Return only the lines running from the top of the entries to the line with "gs f \<longleftrightarrow>", inclusive, exactly as written.

[Stored items]
[Start of section]

lemma gate_apply_hadamard_gate:
  assumes "x < 2 ^ m" "a < m" "b < m" "a \<noteq> b"
  shows "gate_apply m (hadamard_gate, a, b) v x =
    inv_sqrt2 * v (put_bit a False x) + (if bit x a then - inv_sqrt2 else inv_sqrt2) * v (put_bit a True x)"
  unfolding gate_apply_eq_sum_bits[OF assms] hadamard_gate_def
  using assms(4) by (cases "bit x a"; cases "bit x b") (auto simp: UNIV_bool bv_def put_bit_eq_self bit_put_bit)

lemma gate_apply_cphase_gate:
  assumes "x < 2 ^ m" "a < m" "b < m" "a \<noteq> b"
  shows "gate_apply m (cphase_gate w, a, b) v x = (if bit x a \<and> bit x b then w else 1) * v x"
  unfolding gate_apply_eq_sum_bits[OF assms] cphase_gate_def
  using assms(4) by (cases "bit x a"; cases "bit x b") (auto simp: UNIV_bool bv_def put_bit_eq_self bit_put_bit)


section \<open>Classical reversible circuits\<close>

text \<open>\<open>f\<close> is the inverse of the permutation of basis states performed by \<open>gs\<close>:
  the amplitude of \<open>x\<close> after the circuit is the amplitude of \<open>f x\<close> before it.
  Consequently maps compose in reverse order.\<close>

definition classical_circuit :: "nat \<Rightarrow> gate list \<Rightarrow> (nat \<Rightarrow> nat) \<Rightarrow> bool" where
  "classical_circuit m gs f \<longleftrightarrow> (\<forall>x<2 ^ m. f x < 2 ^ m \<and> (\<forall>v. run_circuit m gs v x = v (f x)))"

lemma classical_circuit_Nil: "classical_circuit m [] (\<lambda>x. x)"
  by (simp add: classical_circuit_def)

lemma classical_circuit_append:
  "classical_circuit m gs f \<Longrightarrow> classical_circuit m hs g \<Longrightarrow> classical_circuit m (gs @ hs) (\<lambda>x. f (g x))"
  by (simp add: classical_circuit_def run_circuit_append)

lemma classical_circuit_cong:
  "classical_circuit m gs f \<Longrightarrow> (\<And>x. x < 2 ^ m \<Longrightarrow> f x = g x) \<Longrightarrow> classical_circuit m gs g"
  by (simp add: classical_circuit_def)

lemma classical_circuit_classical_gate:
  "a < m \<Longrightarrow> b < m \<Longrightarrow> a \<noteq> b \<Longrightarrow> classical_circuit m [(classical_gate P Q, a, b)] (classical_map P Q a b)"
  by (simp add: classical_circuit_def gate_apply_classical_gate classical_map_def put_bit_less)

definition valid_circuit :: "nat \<Rightarrow> gate list \<Rightarrow> bool" where
  "valid_circuit m gs \<longleftrightarrow> (\<forall>g\<in>set gs. valid_gate m g)"

lemma valid_circuit_simps [simp]:
  "valid_circuit m []"
  "valid_circuit m (g # gs) \<longleftrightarrow> valid_gate m g \<and> valid_circuit m gs"
  "valid_circuit m (gs @ hs) \<longleftrightarrow> valid_circuit m gs \<and> valid_circuit m hs"
  by (auto simp: valid_circuit_def)

lemma valid_circuit_concat_map:
  "valid_circuit m (concat (map f xs)) \<longleftrightarrow> (\<forall>x\<in>set xs. valid_circuit m (f x))"
  by (auto simp: valid_circuit_def)

text \<open>The phase is \<open>\<i>^(pq) (-\<i>)^((p xor c) q) \<i>^(cq) = \<i>^(2pcq)\<close>.\<close>

definition ccz_circuit :: "nat \<Rightarrow> nat \<Rightarrow> nat \<Rightarrow> gate list" where
  "ccz_circuit c p q = [(cphase_gate \<i>, p, q), (CNOT_gate, p, c), (cphase_gate (- \<i>), p, q),
     (CNOT_gate, p, c), (cphase_gate \<i>, c, q)]"

lemma run_ccz_circuit:
  assumes "x < 2 ^ m" "c < m" "p < m" "q < m" "c \<noteq> p" "c \<noteq> q" "p \<noteq> q"
  shows "run_circuit m (ccz_circuit c p q) v x = (if bit x c \<and> bit x p \<and> bit x q then -1 else 1) * v x"
  using assms
  by (cases "bit x c"; cases "bit x p"; cases "bit x q")
    (simp_all add: ccz_circuit_def gate_apply_cphase_gate gate_apply_classical_gate CNOT_gate_def
      classical_map_def bit_put_bit put_bit_less put_bit_eq_self)

definition toffoli_circuit :: "nat \<Rightarrow> nat \<Rightarrow> nat \<Rightarrow> gate list" where
  "toffoli_circuit c p q = [(hadamard_gate, q, p)] @ ccz_circuit c p q @ [(hadamard_gate, q, p)]"

lemma classical_circuit_toffoli:
  assumes "c < m" "p < m" "q < m" "c \<noteq> p" "c \<noteq> q" "p \<noteq> q"
  shows "classical_circuit m (toffoli_circuit c p q) (\<lambda>x. put_bit q (bit x q \<noteq> (bit x c \<and> bit x p)) x)"
  unfolding classical_circuit_def
proof (intro allI impI conjI)
  fix v x assume x: "x < (2::nat) ^ m"
  show "run_circuit m (toffoli_circuit c p q) v x = v (put_bit q (bit x q \<noteq> (bit x c \<and> bit x p)) x)"
    using assms x
    by (cases "bit x c"; cases "bit x p"; cases "bit x q")
      (simp_all add: toffoli_circuit_def run_circuit_append run_ccz_circuit gate_apply_hadamard_gate
        put_bit_less bit_put_bit put_bit_eq_self inv_sqrt2_mult_inv_sqrt2 field_simps)
qed (use assms in \<open>simp add: put_bit_less\<close>)

definition fredkin_circuit :: "nat \<Rightarrow> nat \<Rightarrow> nat \<Rightarrow> gate list" where
  "fredkin_circuit c p q = [(CNOT_gate, p, q)] @ toffoli_circuit c p q @ [(CNOT_gate, p, q)]"

definition fredkin_map :: "nat \<Rightarrow> nat \<Rightarrow> nat \<Rightarrow> nat \<Rightarrow> nat" where
  "fredkin_map c p q x = (if bit x c then put_bit q (bit x p) (put_bit p (bit x q) x) else x)"

lemma bit_fredkin_map:
  "c \<noteq> p \<Longrightarrow> c \<noteq> q \<Longrightarrow> p \<noteq> q \<Longrightarrow> bit (fredkin_map c p q x) r \<longleftrightarrow>
    (if bit x c \<and> r = p then bit x q else if bit x c \<and> r = q then bit x p else bit x r)"
  by (auto simp: fredkin_map_def bit_put_bit)

lemma classical_circuit_fredkin:
  assumes "c < m" "p < m" "q < m" "c \<noteq> p" "c \<noteq> q" "p \<noteq> q"
  shows "classical_circuit m (fredkin_circuit c p q) (fredkin_map c p q)"
proof -
  let ?cnot = "classical_map (\<lambda>a b. a \<noteq> b) (\<lambda>a b. b) p q"
  have "classical_circuit m (fredkin_circuit c p q)
      (\<lambda>x. ?cnot (put_bit q (bit (?cnot x) q \<noteq> (bit (?cnot x) c \<and> bit (?cnot x) p)) (?cnot x)))"
    unfolding fredkin_circuit_def CNOT_gate_def
    using assms by (intro classical_circuit_append classical_circuit_classical_gate classical_circuit_toffoli)
  then show ?thesis
    by (rule classical_circuit_cong)
      (rule bit_eqI, use assms in \<open>auto simp: classical_map_def bit_put_bit bit_fredkin_map\<close>)
qed

lemma valid_fredkin_circuit:
  "c < m \<Longrightarrow> p < m \<Longrightarrow> q < m \<Longrightarrow> c \<noteq> p \<Longrightarrow> c \<noteq> q \<Longrightarrow> p \<noteq> q \<Longrightarrow> valid_circuit m (fredkin_circuit c p q)"
  by (simp add: fredkin_circuit_def toffoli_circuit_def ccz_circuit_def valid_gate_def
      unitary_CNOT_gate unitary_hadamard_gate unitary_cphase_gate)

lemma length_fredkin_circuit: "length (fredkin_circuit c p q) = 9"
  by (simp add: fredkin_circuit_def toffoli_circuit_def ccz_circuit_def)


section \<open>A layer of Hadamard gates\<close>

primrec clear_bits :: "nat list \<Rightarrow> nat \<Rightarrow> nat" where
  "clear_bits [] x = x"
| "clear_bits (c # cs) x = put_bit c False (clear_bits cs x)"

lemma bit_clear_bits: "bit (clear_bits cs x) p \<longleftrightarrow> bit x p \<and> p \<notin> set cs"
  by (induction cs) (auto simp: bit_put_bit)

definition hadamard_circuit :: "nat list \<Rightarrow> gate list" where
  "hadamard_circuit cs = map (\<lambda>c. (hadamard_gate, c, 0)) cs"

lemma valid_hadamard_circuit:
  "\<forall>c\<in>set cs. 0 < c \<and> c < m \<Longrightarrow> valid_circuit m (hadamard_circuit cs)"
  by (auto simp: hadamard_circuit_def valid_circuit_def valid_gate_def unitary_hadamard_gate)

lemma gate_apply_hadamard_gate_idle:
  assumes "y < 2 ^ m" "0 < c" "c < m" and idle: "\<And>z. z < 2 ^ m \<Longrightarrow> bit z c \<Longrightarrow> v z = 0"
  shows "gate_apply m (hadamard_gate, c, 0) v y = inv_sqrt2 * v (put_bit c False y)"
proof -
  have "v (put_bit c True y) = 0"
    using assms by (intro idle) (auto simp: put_bit_less bit_put_bit)
  then show ?thesis
    using assms by (simp add: gate_apply_hadamard_gate)
qed

lemma run_hadamard_circuit:
  assumes "distinct cs" "\<forall>c\<in>set cs. 0 < c \<and> c < m"
    and "\<And>y c. y < 2 ^ m \<Longrightarrow> c \<in> set cs \<Longrightarrow> bit y c \<Longrightarrow> v y = 0"
    and "x < 2 ^ m"
  shows "run_circuit m (hadamard_circuit cs) v x = inv_sqrt2 ^ length cs * v (clear_bits cs x)"
  using assms
proof (induction cs arbitrary: v)
  case Nil
  then show ?case by (simp add: hadamard_circuit_def)
next
  case (Cons c cs)
  define w where "w y = inv_sqrt2 * v (put_bit c False y)" for y
  have "run_circuit m (hadamard_circuit (c # cs)) v x
      = run_circuit m (hadamard_circuit cs) (gate_apply m (hadamard_gate, c, 0) v) x"
    by (simp add: hadamard_circuit_def)
  also have "\<dots> = run_circuit m (hadamard_circuit cs) w x"
    using Cons.prems by (intro run_circuit_cong) (auto simp: w_def intro!: gate_apply_hadamard_gate_idle)
  also have "\<dots> = inv_sqrt2 ^ length cs * w (clear_bits cs x)"
  proof (rule Cons.IH)
    show "w y = 0" if "y < 2 ^ m" "c' \<in> set cs" "bit y c'" for y c'
    proof -
      have "bit (put_bit c False y) c'"
        using Cons.prems(1) that(2,3) by (auto simp: bit_put_bit)
      moreover have "put_bit c False y < 2 ^ m"
        using that(1) Cons.prems(2) by (simp add: put_bit_less)
      ultimately have "v (put_bit c False y) = 0"
        using Cons.prems(3) that(2) by (meson list.set_intros(2))
      then show ?thesis
        by (simp add: w_def)
    qed
  qed (use Cons.prems in auto)
  finally show ?case
    by (simp add: w_def)
qed


section \<open>Swapping and rotating blocks of qubits\<close>

primrec swap_bits :: "nat \<Rightarrow> nat \<Rightarrow> nat \<Rightarrow> nat \<Rightarrow> nat" where
  "swap_bits P Q 0 x = x"
| "swap_bits P Q (Suc L) x = swap_bits P Q L (classical_map (\<lambda>p q. q) (\<lambda>p q. p) (P + L) (Q + L) x)"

[End of section]

**TASK RESPONSE:**
lemma gate_apply_hadamard_gate:
  assumes "x < 2 ^ m" "a < m" "b < m" "a \<noteq> b"
  shows "gate_apply m (hadamard_gate, a, b) v x =
    inv_sqrt2 * v (put_bit a False x) + (if bit x a then - inv_sqrt2 else inv_sqrt2) * v (put_bit a True x)"
  unfolding gate_apply_eq_sum_bits[OF assms] hadamard_gate_def
  using assms(4) by (cases "bit x a"; cases "bit x b") (auto simp: UNIV_bool bv_def put_bit_eq_self bit_put_bit)

lemma gate_apply_cphase_gate:
  assumes "x < 2 ^ m" "a < m" "b < m" "a \<noteq> b"
  shows "gate_apply m (cphase_gate w, a, b) v x = (if bit x a \<and> bit x b then w else 1) * v x"
  unfolding gate_apply_eq_sum_bits[OF assms] cphase_gate_def
  using assms(4) by (cases "bit x a"; cases "bit x b") (auto simp: UNIV_bool bv_def put_bit_eq_self bit_put_bit)


section \<open>Classical reversible circuits\<close>

text \<open>\<open>f\<close> is the inverse of the permutation of basis states performed by \<open>gs\<close>:
  the amplitude of \<open>x\<close> after the circuit is the amplitude of \<open>f x\<close> before it.
  Consequently maps compose in reverse order.\<close>

definition classical_circuit :: "nat \<Rightarrow> gate list \<Rightarrow> (nat \<Rightarrow> nat) \<Rightarrow> bool" where
  "classical_circuit m gs f \<longleftrightarrow> (\<forall>x<2 ^ m. f x < 2 ^ m \<and> (\<forall>v. run_circuit m gs v x = v (f x)))"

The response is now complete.